[ACTIVITY] Return every line of the data exactly as it appears.

################

(* Let $\Gamma$ be a finitely generated group which is stable and LEF, let $\pi:\mathbb{F}\twoheadrightarrow\Gamma$ be an epimorphism from a free group on a finite basis $X$, and let $S=\pi(X)$. Then $\Gamma$ is residually finite and for every positive integer $l$, $$\max\big\{\mathcal{L}_\Gamma^S\big(F_\Gamma^\pi(2l)\big)!,\ \mathcal{L}_\Gamma^S(l)!\big\}\ge\mathcal{R}_\Gamma^S(l).$$
   Context: For finite $\Omega$, $d_\Omega(\sigma,\tau)=|\{\omega:\sigma(\omega)\ne\tau(\omega)\}|/|\Omega|$. A pair $(\delta,E)$, $\delta\in(0,1]$, $E\subseteq\ker\pi$ finite, is valid for $\epsilon>0$ if for every finite $\Omega$ and homomorphism $\rho:\mathbb{F}\to\mathrm{Sym}(\Omega)$ with $d_\Omega(\rho(r),\mathrm{id})<\delta$ for all $r\in E$ there is a homomorphism $\phi:\Gamma\to\mathrm{Sym}(\Omega)$ with $d_\Omega(\rho(x),\phi(\pi(x)))<\epsilon$ for all $x\in X$; $\Gamma$ is stable if valid pairs exist for all $\epsilon$. $F_\Gamma^\pi(x)=\inf\{\|E\|/\delta:(\delta,E)\text{ valid for }1/x\}$, $\|E\|=\sum_{r\in E}|r|$ (word length in $X$). $B_S(t)$ is the closed ball of radius $t\ge0$ about $e$ in the word metric of $S$. A map $\psi:A\to\Delta$ from a subset $A$ of a group is a local embedding if it is injective and $\psi(gh)=\psi(g)\psi(h)$ whenever $g,h,gh\in A$. $\Gamma$ is LEF if every finite subset admits a local embedding into a finite group. $\mathcal{L}_\Gamma^S(t)$ is the minimal order of a finite group admitting a local embedding of $B_S(t)$. $\mathcal{R}_\Gamma^S(l)$ is the minimal order of a finite group $\Delta$ admitting a homomorphism $\Gamma\to\Delta$ injective on $B_S(l)$. *)

theory Defs
  imports Complex_Main "HOL-Algebra.Sym_Groups"
begin

text \<open>A letter (x, True) stands for x, (x, False) for x^-1.\<close>

fun reduced :: "('x \<times> bool) list \<Rightarrow> bool" where
  "reduced [] = True"
| "reduced [a] = True"
| "reduced (a # b # w) = ((\<not> (fst a = fst b \<and> snd a \<noteq> snd b)) \<and> reduced (b # w))"
lemma basis_spans:
  assumes "B \<in> bases E I" "x \<in> E"
  shows "\<exists>\<alpha>. \<forall>i. v x i = (\<Sum>b\<in>B. \<alpha> b * v b i)"
proof -
  have B: "B \<subseteq> E" "finite B"
    using assms(1) matroid_indep_subset[OF matroid] indep_finite unfolding bases_def by auto
  show ?thesis
  proof (cases "x \<in> B")
    case True
    with B(2) show ?thesis by (intro exI[of _ "\<lambda>b. of_bool (b = x)"]) simp
  next
    case False
    then obtain c where c: "linear_relation c" "c x \<noteq> 0" "support c \<subseteq> insert x B"
      using fundamental_linear_relation[OF assms(1)] assms(2) by blast
    have "v x i = (\<Sum>b\<in>B. (- c b / c x) * v b i)" for i
    proof -
      have "0 = (\<Sum>y\<in>insert x B. c y * v y i)"
        using c(1) sum_over_support[OF c(3)] B(1) assms(2) unfolding linear_relation_def by simp
      also have "\<dots> = c x * v x i + (\<Sum>b\<in>B. c b * v b i)"
        using False B(2) by simp
      finally have "c x * v x i = - (\<Sum>b\<in>B. c b * v b i)" by (simp add: eq_neg_iff_add_eq_0)
      then have "v x i = - (\<Sum>b\<in>B. c b * v b i) / c x"
        using \<open>c x \<noteq> 0\<close> by (simp add: field_simps)
      also have "\<dots> = (\<Sum>b\<in>B. (- c b / c x) * v b i)"
        by (simp add: sum_divide_distrib sum_negf)
      finally show ?thesis .
    qed
    then show ?thesis by (intro exI[of _ "\<lambda>b. - c b / c x"]) blast
  qed
qed

lemma basis_element_coordinates:
  assumes "B \<in> I" "b0 \<in> B" "\<forall>i. v b0 i = (\<Sum>b\<in>B. \<alpha> b * v b i)" "b \<in> B"
  shows "\<alpha> b = of_bool (b = b0)"
proof -
  have "(\<Sum>b\<in>B. (\<alpha> b - of_bool (b = b0)) * v b i) = 0" for i
    using assms(2,3) indep_finite[OF assms(1)] by (simp add: left_diff_distrib sum_subtractf)
  from indep_coefficients_zero[OF assms(1) this assms(4)] show ?thesis by simp
qed

lemma coordinates_linear_relation:
  assumes "B \<subseteq> E" "x \<in> E - B" "\<forall>i. v x i = (\<Sum>b\<in>B. \<alpha> b * v b i)"
  shows "linear_relation (\<lambda>y. if y \<in> B then \<alpha> y else if y = x then -1 else 0)"
    (is "linear_relation ?c")
proof -
  have "finite B" using assms(1) finite_E by (rule finite_subset)
  have supp: "support ?c \<subseteq> insert x B" "insert x B \<subseteq> E"
    using assms(1,2) unfolding support_def by auto
  have "(\<Sum>y\<in>insert x B. ?c y * v y i) = 0" for i
  proof -
    have "(\<Sum>y\<in>insert x B. ?c y * v y i) = - v x i + (\<Sum>b\<in>B. ?c b * v b i)"
      using assms(2) \<open>finite B\<close> by simp
    also have "(\<Sum>b\<in>B. ?c b * v b i) = (\<Sum>b\<in>B. \<alpha> b * v b i)" by (rule sum.cong) auto
    finally show ?thesis using assms(3) by simp
  qed
  then show ?thesis
    unfolding linear_relation_def using sum_over_support[OF supp] by simp
qed

lemma coordinates_few_zeros:
  assumes "B \<subseteq> E" "card B = mrank E I" "x \<in> E - B" "\<forall>i. v x i = (\<Sum>b\<in>B. \<alpha> b * v b i)"
    and "b0 \<in> B" "loose E I b0" "\<alpha> b0 \<noteq> 0"
  shows "card {b\<in>B. \<alpha> b = 0} \<le> 1"
proof -
  let ?c = "\<lambda>y. if y \<in> B then \<alpha> y else if y = x then -1 else 0"
  have "card {b\<in>B. \<alpha> b = 0} = card {b\<in>B. ?c b = 0}" by (rule arg_cong[where f = card]) auto
  also have "\<dots> \<le> card (support ?c - B)"
    using loose_linear_relation_few_zeros[OF assms(1,2,5,6)
        coordinates_linear_relation[OF assms(1,3,4)]] assms(5,7)
    by simp
  also have "\<dots> \<le> card {x}" by (rule card_mono) (auto simp: support_def)
  finally show ?thesis by simp
qed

################

[EXPECTED ANSWER]
(* Let $\Gamma$ be a finitely generated group which is stable and LEF, let $\pi:\mathbb{F}\twoheadrightarrow\Gamma$ be an epimorphism from a free group on a finite basis $X$, and let $S=\pi(X)$. Then $\Gamma$ is residually finite and for every positive integer $l$, $$\max\big\{\mathcal{L}_\Gamma^S\big(F_\Gamma^\pi(2l)\big)!,\ \mathcal{L}_\Gamma^S(l)!\big\}\ge\mathcal{R}_\Gamma^S(l).$$
   Context: For finite $\Omega$, $d_\Omega(\sigma,\tau)=|\{\omega:\sigma(\omega)\ne\tau(\omega)\}|/|\Omega|$. A pair $(\delta,E)$, $\delta\in(0,1]$, $E\subseteq\ker\pi$ finite, is valid for $\epsilon>0$ if for every finite $\Omega$ and homomorphism $\rho:\mathbb{F}\to\mathrm{Sym}(\Omega)$ with $d_\Omega(\rho(r),\mathrm{id})<\delta$ for all $r\in E$ there is a homomorphism $\phi:\Gamma\to\mathrm{Sym}(\Omega)$ with $d_\Omega(\rho(x),\phi(\pi(x)))<\epsilon$ for all $x\in X$; $\Gamma$ is stable if valid pairs exist for all $\epsilon$. $F_\Gamma^\pi(x)=\inf\{\|E\|/\delta:(\delta,E)\text{ valid for }1/x\}$, $\|E\|=\sum_{r\in E}|r|$ (word length in $X$). $B_S(t)$ is the closed ball of radius $t\ge0$ about $e$ in the word metric of $S$. A map $\psi:A\to\Delta$ from a subset $A$ of a group is a local embedding if it is injective and $\psi(gh)=\psi(g)\psi(h)$ whenever $g,h,gh\in A$. $\Gamma$ is LEF if every finite subset admits a local embedding into a finite group. $\mathcal{L}_\Gamma^S(t)$ is the minimal order of a finite group admitting a local embedding of $B_S(t)$. $\mathcal{R}_\Gamma^S(l)$ is the minimal order of a finite group $\Delta$ admitting a homomorphism $\Gamma\to\Delta$ injective on $B_S(l)$. *)

theory Defs
  imports Complex_Main "HOL-Algebra.Sym_Groups"
begin

text \<open>A letter (x, True) stands for x, (x, False) for x^-1.\<close>

fun reduced :: "('x \<times> bool) list \<Rightarrow> bool" where
  "reduced [] = True"
| "reduced [a] = True"
| "reduced (a # b # w) = ((\<not> (fst a = fst b \<and> snd a \<noteq> snd b)) \<and> reduced (b # w))"
lemma basis_spans:
  assumes "B \<in> bases E I" "x \<in> E"
  shows "\<exists>\<alpha>. \<forall>i. v x i = (\<Sum>b\<in>B. \<alpha> b * v b i)"
proof -
  have B: "B \<subseteq> E" "finite B"
    using assms(1) matroid_indep_subset[OF matroid] indep_finite unfolding bases_def by auto
  show ?thesis
  proof (cases "x \<in> B")
    case True
    with B(2) show ?thesis by (intro exI[of _ "\<lambda>b. of_bool (b = x)"]) simp
  next
    case False
    then obtain c where c: "linear_relation c" "c x \<noteq> 0" "support c \<subseteq> insert x B"
      using fundamental_linear_relation[OF assms(1)] assms(2) by blast
    have "v x i = (\<Sum>b\<in>B. (- c b / c x) * v b i)" for i
    proof -
      have "0 = (\<Sum>y\<in>insert x B. c y * v y i)"
        using c(1) sum_over_support[OF c(3)] B(1) assms(2) unfolding linear_relation_def by simp
      also have "\<dots> = c x * v x i + (\<Sum>b\<in>B. c b * v b i)"
        using False B(2) by simp
      finally have "c x * v x i = - (\<Sum>b\<in>B. c b * v b i)" by (simp add: eq_neg_iff_add_eq_0)
      then have "v x i = - (\<Sum>b\<in>B. c b * v b i) / c x"
        using \<open>c x \<noteq> 0\<close> by (simp add: field_simps)
      also have "\<dots> = (\<Sum>b\<in>B. (- c b / c x) * v b i)"
        by (simp add: sum_divide_distrib sum_negf)
      finally show ?thesis .
    qed
    then show ?thesis by (intro exI[of _ "\<lambda>b. - c b / c x"]) blast
  qed
qed

lemma basis_element_coordinates:
  assumes "B \<in> I" "b0 \<in> B" "\<forall>i. v b0 i = (\<Sum>b\<in>B. \<alpha> b * v b i)" "b \<in> B"
  shows "\<alpha> b = of_bool (b = b0)"
proof -
  have "(\<Sum>b\<in>B. (\<alpha> b - of_bool (b = b0)) * v b i) = 0" for i
    using assms(2,3) indep_finite[OF assms(1)] by (simp add: left_diff_distrib sum_subtractf)
  from indep_coefficients_zero[OF assms(1) this assms(4)] show ?thesis by simp
qed

lemma coordinates_linear_relation:
  assumes "B \<subseteq> E" "x \<in> E - B" "\<forall>i. v x i = (\<Sum>b\<in>B. \<alpha> b * v b i)"
  shows "linear_relation (\<lambda>y. if y \<in> B then \<alpha> y else if y = x then -1 else 0)"
    (is "linear_relation ?c")
proof -
  have "finite B" using assms(1) finite_E by (rule finite_subset)
  have supp: "support ?c \<subseteq> insert x B" "insert x B \<subseteq> E"
    using assms(1,2) unfolding support_def by auto
  have "(\<Sum>y\<in>insert x B. ?c y * v y i) = 0" for i
  proof -
    have "(\<Sum>y\<in>insert x B. ?c y * v y i) = - v x i + (\<Sum>b\<in>B. ?c b * v b i)"
      using assms(2) \<open>finite B\<close> by simp
    also have "(\<Sum>b\<in>B. ?c b * v b i) = (\<Sum>b\<in>B. \<alpha> b * v b i)" by (rule sum.cong) auto
    finally show ?thesis using assms(3) by simp
  qed
  then show ?thesis
    unfolding linear_relation_def using sum_over_support[OF supp] by simp
qed

lemma coordinates_few_zeros:
  assumes "B \<subseteq> E" "card B = mrank E I" "x \<in> E - B" "\<forall>i. v x i = (\<Sum>b\<in>B. \<alpha> b * v b i)"
    and "b0 \<in> B" "loose E I b0" "\<alpha> b0 \<noteq> 0"
  shows "card {b\<in>B. \<alpha> b = 0} \<le> 1"
proof -
  let ?c = "\<lambda>y. if y \<in> B then \<alpha> y else if y = x then -1 else 0"
  have "card {b\<in>B. \<alpha> b = 0} = card {b\<in>B. ?c b = 0}" by (rule arg_cong[where f = card]) auto
  also have "\<dots> \<le> card (support ?c - B)"
    using loose_linear_relation_few_zeros[OF assms(1,2,5,6)
        coordinates_linear_relation[OF assms(1,3,4)]] assms(5,7)
    by simp
  also have "\<dots> \<le> card {x}" by (rule card_mono) (auto simp: support_def)
  finally show ?thesis by simp
qed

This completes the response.